■ THE PROBLEM ■
From the line that contains "E \<longrightarrow> f" to the last line of the entries, write each line out exactly; include both ends and nothing else.

★ ★ ★ ★ ★ ★ ★

(* Let $G=(V,E)$ be a finite graph with a biclique partition $B_1=L_1\times R_1,\dots,B_m=L_m\times R_m$ of its edges, and let $\mathbb{G}=\{h_1,\dots,h_m\}\subseteq\{0,1,\star\}^V$ where $h_i(v)=0$ for $v\in L_i$, $h_i(v)=1$ for $v\in R_i$, $h_i(v)=\star$ otherwise. Let $\overline{\mathbb{G}}\subseteq\{0,1\}^V$ be any disambiguation of $\mathbb{G}$. Then the number of distinct vectors $(\bar h(v))_{\bar h\in\overline{\mathbb{G}}}$, $v\in V$, is at least $\chi(G)$; consequently, if $d$ is the VC dimension of the dual class $\overline{\mathbb{G}}^\top$ (the class of functions $\bar h\mapsto\bar h(v)$ on $\overline{\mathbb{G}}$, one for each $v\in V$), then $\chi(G)\le\sum_{i=0}^{d}\binom{|\overline{\mathbb{G}}|}{i}$.
   Context: A disambiguation of a partial class $\mathbb{H}\subseteq\{0,1,\star\}^V$ on finite $V$ is a total class $\overline{\mathbb{H}}\subseteq\{0,1\}^V$ such that for every $h\in\mathbb{H}$ there is $\bar h\in\overline{\mathbb{H}}$ with $\bar h(v)=h(v)$ for all $v\in h^{-1}(\{0,1\})$. A biclique partition of $G$ is a family of complete bipartite subgraphs $L_i\times R_i$ (edges $\{u,v\}$, $u\in L_i$, $v\in R_i$) whose edge sets partition $E$. $\chi(G)$ is the chromatic number. The VC dimension of a total class is the largest size of a set on which all $0/1$ patterns are realized. *)

theory Defs
  imports Main "HOL-Library.FuncSet"
begin

definition simple_graph :: "'a set \<Rightarrow> 'a set set \<Rightarrow> bool" where
  "simple_graph V E \<longleftrightarrow> finite V \<and>
     (\<forall>e\<in>E. \<exists>u v. e = {u, v} \<and> u \<noteq> v \<and> u \<in> V \<and> v \<in> V)"

definition proper_colouring :: "'a set \<Rightarrow> 'a set set \<Rightarrow> nat \<Rightarrow> ('a \<Rightarrow> nat) \<Rightarrow> bool" where
  "proper_colouring V E k f \<longleftrightarrow> f ` V \<subseteq> {..<k} \<and>
     (\<forall>u\<in>V. \<forall>v\<in>V. {u, v} \<in> E \<longrightarrow> f u \<noteq> f v)"

definition chromatic_number :: "'a set \<Rightarrow> 'a set set \<Rightarrow> nat" where
  "chromatic_number V E = (LEAST k. \<exists>f. proper_colouring V E k f)"

definition biclique_edges :: "'a set \<Rightarrow> 'a set \<Rightarrow> 'a set set" where
  "biclique_edges L R = {{u, v} | u v. u \<in> L \<and> v \<in> R}"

★ ★ ★ ★ ★ ★ ★

■ RESPONSE AREA ■
     (\<forall>u\<in>V. \<forall>v\<in>V. {u, v} \<in> E \<longrightarrow> f u \<noteq> f v)"

definition chromatic_number :: "'a set \<Rightarrow> 'a set set \<Rightarrow> nat" where
  "chromatic_number V E = (LEAST k. \<exists>f. proper_colouring V E k f)"

definition biclique_edges :: "'a set \<Rightarrow> 'a set \<Rightarrow> 'a set set" where
  "biclique_edges L R = {{u, v} | u v. u \<in> L \<and> v \<in> R}"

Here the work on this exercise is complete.